Previous research has shown that gum-chewing has a beneficial effect on the activity of bowel functioning. However, this study concludes that gum-chewing after laparoscopic gastrectomy does not have an effect on the recovery process of gastrointestinal functioning.


Over a long period of time, finding a way to increase the speed of recovery of gastrointestinal function after surgery was a significant process that needed improvement. Patients undergoing abdominal surgery experienced exhaustion postoperative ileus (POI), which refers to the delayed release of feces, lasting 3-5 days. It can result in pain, abdominal discomfort, vomiting and can delay the speed of recovery after gastrointestinal surgery. This prolongs the continuation of regular bowel movements and makes the recovery process after surgery slower. Moreover, it can result in extended hospital stays, infections, deep vein thrombosis, issues related to the lungs and more hospital costs. Often, many drugs, epidural anesthesia, and nasogastric tubes are used as pain control and to help with recovery.

Recent studies presented that chewing gum can stimulate gastrointestinal contractions of the muscles, which is said to reduce POI. On the contrary, other findings refute the effects of gum-chewing on movement of the gastrointestinal tract and digestive system stimulation after gastrectomy. Therefore, the aim of this current study, published in the Medicine journal, was to analyze the effectiveness of gum-chewing on restoring postoperative bowel function in gastric cancer patients who received laparoscopic gastrectomy.

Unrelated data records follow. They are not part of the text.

lemma discrete_rising_sun:
  fixes I :: "nat set" and \<delta> :: real
  assumes I: "I \<subseteq> {..<n}" and "0 \<le> \<delta>" and card_I: "2 * \<delta> * n \<le> card I"
  obtains j where "j \<le> n" "\<delta> * n \<le> n - j" "\<And>m. j + m \<le> n \<Longrightarrow> \<delta> * m \<le> card (I \<inter> {j..<j + m})"
proof -
  define S where "S k = real (card (I \<inter> {..<k})) - \<delta> * k" for k
  define j where "j = arg_min_on S {..n}"
  have j: "j \<le> n" "\<And>k. k \<le> n \<Longrightarrow> S j \<le> S k"
    using arg_min_if_finite[of "{..n}" S] by (auto simp: j_def not_less)
  have split: "card (I \<inter> {..<k}) = card (I \<inter> {..<j}) + card (I \<inter> {j..<k})" if "j \<le> k" for k
  proof -
    have "I \<inter> {..<k} = (I \<inter> {..<j}) \<union> (I \<inter> {j..<k})" using that by auto
    then show ?thesis by (simp add: card_Un_disjoint disjoint_iff)
  qed
  have dense_from_j: "\<delta> * m \<le> card (I \<inter> {j..<j + m})" if "j + m \<le> n" for m
    using j(2)[OF that] split[of "j + m"] unfolding S_def by (simp add: algebra_simps)
  have "S n = S j + card (I \<inter> {j..<n}) - \<delta> * (real n - real j)"
    using split[of n] j(1) by (simp add: S_def algebra_simps)
  moreover have "S j \<le> 0" using j(2)[of 0] by (simp add: S_def)
  moreover have "\<delta> * n \<le> S n"
    using I card_I unfolding S_def by (simp add: Int_absorb2)
  moreover have "card (I \<inter> {j..<n}) \<le> real n - real j"
    using card_mono[of "{j..<n}" "I \<inter> {j..<n}"] j(1) by (simp add: of_nat_diff)
  moreover have "0 \<le> \<delta> * (real n - real j)" using j(1) \<open>0 \<le> \<delta>\<close> by simp
  ultimately have "\<delta> * n \<le> n - j" using j(1) by (simp add: of_nat_diff)
  with j(1) dense_from_j show thesis using that by blast
qed

lemma unbounded_prefix_dense_sets:
  fixes Q :: "nat set \<Rightarrow> bool" and \<theta> :: real
  assumes shift: "\<And>I j. Q I \<Longrightarrow> Q {i. i + j \<in> I}" and "\<theta> > 0"
    and dense: "frequently (\<lambda>n. \<exists>I\<subseteq>{..<n}. Q I \<and> \<theta> * n \<le> card I) sequentially"
  shows "\<exists>l\<ge>N. \<exists>J. Q J \<and> prefix_dense (\<theta> / 2) l J"
proof -
  define \<delta> where "\<delta> = \<theta> / 2"
  have "\<delta> > 0" using \<open>\<theta> > 0\<close> by (simp add: \<delta>_def)
  obtain n where n: "nat \<lceil>N / \<delta>\<rceil> \<le> n" and "\<exists>I\<subseteq>{..<n}. Q I \<and> \<theta> * n \<le> card I"
    using dense unfolding frequently_sequentially by blast
  then obtain I where I: "I \<subseteq> {..<n}" "Q I" "\<theta> * n \<le> card I" by blast
  obtain j where j: "j \<le> n" "\<delta> * n \<le> n - j"
    and dense_from_j: "\<And>m. j + m \<le> n \<Longrightarrow> \<delta> * m \<le> card (I \<inter> {j..<j + m})"
    using discrete_rising_sun[OF I(1), of \<delta>] \<open>\<delta> > 0\<close> I(3) by (auto simp: \<delta>_def)
  define J where "J = {i. i + j \<in> I}"
  have "N / \<delta> \<le> n" using n by linarith
  then have "N \<le> \<delta> * n" using \<open>\<delta> > 0\<close> by (simp add: field_simps)
  then have "N \<le> n - j" using j(2) by linarith
  moreover have "J \<subseteq> {..<n - j}" using I(1) unfolding J_def by auto
  moreover have "card (J \<inter> {..<m}) = card (I \<inter> {j..<j + m})" for m
  proof (rule bij_betw_same_card)
    show "bij_betw (\<lambda>i. i + j) (J \<inter> {..<m}) (I \<inter> {j..<j + m})"
      by (rule bij_betw_byWitness[of _ "\<lambda>i. i - j"]) (auto simp: J_def)
  qed
  ultimately have "prefix_dense \<delta> (n - j) J"
    unfolding prefix_dense_def using dense_from_j j(1) by auto
  moreover have "Q J" unfolding J_def using shift I(2) .
  ultimately show ?thesis using \<open>N \<le> n - j\<close> by (auto simp: \<delta>_def)
qed
lemma commutant1_star:
  assumes a: "a \<in> commutant1 \<sigma>"
  shows "ell_star \<sigma> a \<in> commutant1 \<sigma>"
proof -
  have "ell_star \<sigma> a \<in> ell1"
  proof (rule ell1_dominated)
    show "ell_star \<sigma> a k \<in> CX" for k
      unfolding ell_star_def by (intro CX_cnj CX_ipow commutant1_CX[OF a])
    show "cmod (ell_star \<sigma> a k x) \<le> supnorm (a (- k))" for k x
      using ell1_norm_le_supnorm[OF commutant1_ell1[OF a]] by (simp add: ell_star_def)
    have "(\<lambda>k. supnorm (a k)) summable_on uminus ` UNIV"
      using ell1_summable[OF commutant1_ell1[OF a]] by (simp add: surj_def)
    then show "(\<lambda>k. supnorm (a (- k))) summable_on UNIV"
      by (subst (asm) summable_on_reindex) (auto simp: o_def)
  qed
  moreover have "x \<in> Fix \<sigma> n" if "ell_star \<sigma> a n x \<noteq> 0" for n x
  proof -
    have "ipow \<sigma> (- n) x \<in> Fix \<sigma> (- n)"
      using that commutant1_Fix[OF a] by (simp add: ell_star_def)
    then have "ipow \<sigma> (- n) x = x"
      using ipow_cancel_uminus[of n "ipow \<sigma> (- n) x"] by (simp add: Fix_def)
    then show ?thesis using Fix_uminus_iff by (auto simp: Fix_def)
  qed
  ultimately show ?thesis by (simp add: commutant1_iff)
qed

lemma ell_mult_Fix:
  assumes a: "a \<in> commutant1 \<sigma>" and b: "b \<in> commutant1 \<sigma>" and nz: "ell_mult \<sigma> a b n x \<noteq> 0"
  shows "x \<in> Fix \<sigma> n"
proof -
  obtain k where k: "a k x \<noteq> 0" "b (n - k) (ipow \<sigma> (- k) x) \<noteq> 0"
    using infsum_nonzero_witness[OF nz[unfolded ell_mult_def]] by auto
  have "x \<in> Fix \<sigma> k" by (rule commutant1_Fix[OF a k(1)])
  moreover from this have "x \<in> Fix \<sigma> (n - k)"
    using k(2) by (intro commutant1_Fix[OF b]) (simp add: ipow_uminus_Fix)
  ultimately show ?thesis using Fix_add[of x k "n - k"] by simp
qed

lemma
  assumes a: "a \<in> commutant1 \<sigma>" and b: "b \<in> commutant1 \<sigma>"
  shows commutant1_mult: "ell_mult \<sigma> a b \<in> commutant1 \<sigma>"
    and ell_norm_mult_le: "ell_norm (ell_mult \<sigma> a b) \<le> ell_norm a * ell_norm b"
proof -
  have "(\<lambda>k. norm (supnorm (a k))) summable_on UNIV" "(\<lambda>k. norm (supnorm (b k))) summable_on UNIV"
    using a b by (simp_all add: commutant1_ell1 ell1_summable ell1_supnorm_nonneg)
  note cauchy = cauchy_product_int[OF this]
  have term_bound: "cmod (a k x * b (n - k) (ipow \<sigma> (- k) x)) \<le> supnorm (a k) * supnorm (b (n - k))" for k n x
    using a b by (simp add: norm_mult mult_mono ell1_norm_le_supnorm ell1_supnorm_nonneg commutant1_ell1)
  have "continuous_on UNIV (\<lambda>x. a k x * b (n - k) (ipow \<sigma> (- k) x))" for k n
    using CX_mult[OF commutant1_CX[OF a] CX_ipow[OF commutant1_CX[OF b]]] by (simp add: CX_def)
  then have cont: "ell_mult \<sigma> a b n \<in> CX" for n
    unfolding ell_mult_def CX_def mem_Collect_eq by (rule continuous_on_infsum_dominated[OF _ term_bound cauchy(1)])
  have bound: "cmod (ell_mult \<sigma> a b n x) \<le> infsum (\<lambda>k. supnorm (a k) * supnorm (b (n - k))) UNIV" for n x
    unfolding ell_mult_def by (rule norm_infsum_le_dominating[OF cauchy(1) term_bound])
  show "ell_mult \<sigma> a b \<in> commutant1 \<sigma>"
    using ell1_dominated[OF cont bound cauchy(2)] ell_mult_Fix[OF a b] by (simp add: commutant1_iff)
  show "ell_norm (ell_mult \<sigma> a b) \<le> ell_norm a * ell_norm b"
    using ell_norm_le_dominating[OF cont bound cauchy(2)] cauchy(3) by (simp add: ell_norm_def)
qed

lemma
  assumes "a \<in> commutant1 \<sigma>"
  shows commutant1_power: "ell_power \<sigma> a m \<in> commutant1 \<sigma>"
    and ell_norm_power_le: "ell_norm (ell_power \<sigma> a m) \<le> ell_norm a ^ m"
proof (induction m)
  case 0
  have "ell_norm (ell_one :: int \<Rightarrow> 'a \<Rightarrow> complex) \<le> supnorm (\<lambda>_::'a. 1::complex)"
    unfolding ell_one_def emb_eq_monomial by (rule ell_norm_monomial_le) (auto simp: Fix_def)
  also have "\<dots> \<le> 1" by (rule supnorm_le) simp
  finally show "ell_power \<sigma> a 0 \<in> commutant1 \<sigma>" "ell_norm (ell_power \<sigma> a 0) \<le> ell_norm a ^ 0"
    by (simp_all add: ell_power_0 ell_one_in_commutant1)
next
  case (Suc m)
  have "ell_norm a * ell_norm (ell_power \<sigma> a m) \<le> ell_norm a * ell_norm a ^ m"
    using Suc.IH(2) ell_norm_nonneg[OF commutant1_ell1[OF assms]] by (rule mult_left_mono)
  then show "ell_power \<sigma> a (Suc m) \<in> commutant1 \<sigma>" "ell_norm (ell_power \<sigma> a (Suc m)) \<le> ell_norm a ^ Suc m"
    using commutant1_mult[OF assms Suc.IH(1)] ell_norm_mult_le[OF assms Suc.IH(1)] by (simp_all add: ell_power_Suc)
qed

lemma commutant1_infsum:
  fixes P :: "'i \<Rightarrow> int \<Rightarrow> 'a \<Rightarrow> complex"
  assumes P: "\<And>m. P m \<in> commutant1 \<sigma>" and summable: "(\<lambda>m. ell_norm (P m)) summable_on UNIV"
  shows "(\<lambda>n x. infsum (\<lambda>m. P m n x) UNIV) \<in> commutant1 \<sigma>"
proof -
  have P_ell1: "P m \<in> ell1" for m by (rule commutant1_ell1[OF P])
  define W where "W = (\<lambda>(m, n). supnorm (P m n))"
  have W_nonneg: "0 \<le> W (m, n)" for m n by (simp add: W_def ell1_supnorm_nonneg[OF P_ell1])
  have W_le: "W (m, n) \<le> ell_norm (P m)" for m n by (simp add: W_def supnorm_le_ell_norm[OF P_ell1])
  have "W summable_on Sigma UNIV (\<lambda>_. UNIV)"
  proof (rule summable_on_SigmaI)
    show "((\<lambda>n. W (m, n)) has_sum ell_norm (P m)) UNIV" for m
      using has_sum_infsum[OF ell1_summable[OF P_ell1]] by (simp add: W_def ell_norm_def)
  qed (use summable W_nonneg in auto)
  then have "(\<lambda>(n, m). W (m, n)) summable_on Sigma UNIV (\<lambda>_. UNIV)"
    by (subst (asm) summable_on_swap) simp
  moreover have W_col: "(\<lambda>m. W (m, n)) summable_on UNIV" for n
    by (rule summable_on_comparison_test[OF summable]) (use W_le W_nonneg in auto)
  ultimately have W_rows: "(\<lambda>n. infsum (\<lambda>m. W (m, n)) UNIV) summable_on UNIV"
    using summable_on_SigmaD[of "\<lambda>(n, m). W (m, n)" UNIV "\<lambda>_. UNIV"] by simp
  have pointwise: "cmod (P m n x) \<le> W (m, n)" for m n x
    by (simp add: W_def ell1_norm_le_supnorm[OF P_ell1])
  have "continuous_on UNIV (\<lambda>x. infsum (\<lambda>m. P m n x) UNIV)" for n
    using commutant1_CX[OF P] by (intro continuous_on_infsum_dominated[OF _ _ summable])
      (auto simp: CX_def intro: order_trans[OF pointwise W_le])
  then have "(\<lambda>n x. infsum (\<lambda>m. P m n x) UNIV) \<in> ell1"
    by (intro ell1_dominated[OF _ _ W_rows]) (auto simp: CX_def intro: norm_infsum_le_dominating[OF W_col pointwise])
  moreover have "x \<in> Fix \<sigma> n" if "infsum (\<lambda>m. P m n x) UNIV \<noteq> 0" for n x
    using infsum_nonzero_witness[OF that] commutant1_Fix[OF P] by blast
  ultimately show ?thesis by (simp add: commutant1_iff)
qed

lemma norm_ell_power_le: "a \<in> commutant1 \<sigma> \<Longrightarrow> cmod (ell_power \<sigma> a m n x) \<le> ell_norm a ^ m"
  using ell1_norm_le_ell_norm[OF commutant1_ell1[OF commutant1_power], of a m n x] ell_norm_power_le[of a m]
  by linarith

The study was a prospective, single-center, randomized, controlled clinical trial. It consisted of 75 adult patients with gastric cancer that received laparoscopic surgery in Shanghai Tongji hospital from March 2014 to March 2016. After eligibility of the participant’s selection, they were randomly separated by a 1:1 ratio of a gum-chewing (38 participants) or no gum chewing (control group of 37 participants), using a computer-generated sequence to randomize the groups to avoid biases. The patients in the gum group chewed sugarless gum for at least 15 minutes at 7:00, 12:00 and 18:00 from the first postoperative day and continued until the day of defecation (the discharge of feces from the body), which was approximately seven days. The patients in the no gum group received medical treatment with ward care. After 24 hours of surgery, the nasogastric tube was removed and patients of both groups were allowed to receive a clear-liquid diet. 24-hour intervals were used to record the first time of defecation, the incidence of POI, pain scores, nausea, vomiting scores and analgesic drug use. Additionally, to reduce biases amongst both groups, there were no differences in sex, age, American Society of Anesthesiologists (ASA) grade and chronic diseases (i.e. hypertension, type 2 diabetes mellitus, post-stroke syndrome and coronary artery disease).

The results from this study showed that the rates of POI, patient-controlled analgesia with fentanyl administration and the mean time of the onset of gas passage or defecation of both groups did not significantly differ. Another finding was that the 48-hour postoperative pain scores in the gum group were significantly higher. However, the 24- and 72-hour after pain scores were not significantly different between the two groups. Another evaluation observed was nausea and vomiting scores at 24, 48, 72 and after 72 hours, which did not show a significant difference.

Even though gum-chewing is one of the recommended treatments for POI, there is no consensus on its effectiveness for lessening the time of recovery and assisting with defecation. On the other hand, it should be noted that other results from different studies show the opposite of what was concluded in this study. Therefore, more research needs to be done in this area. The results suggest that each patient’s body reacts differently to various forms of treatment. This study presents three reasons that may explain why gum-chewing does not improve gastrointestinal recovery in patients with gastric cancer. Firstly, the nerve trunks were divided during gastrectomy, which may block the cephalic- vagal response causing gum-chewing to be ineffective. Secondly, chewing on gum mimics actual food consumption which would offset a normal early- feeding routine system which could delay bowel movements. Lastly, gum-chewing is not a strong enough method of testing to observe after a laparoscopy.

Limitations included; all patients being treated in a single hospital, it was a single-blinded randomized control trial, the patients knew they were not blinded and the documented time of defecation was not accurate. Thus, this study recommended not chewing gum after receiving laparoscopic gastrectomy as further randomized and controlled trials need to be conducted. Also, in addition to it not helping to hasten the process of recovery, it can also cause more pain on the second postoperative day.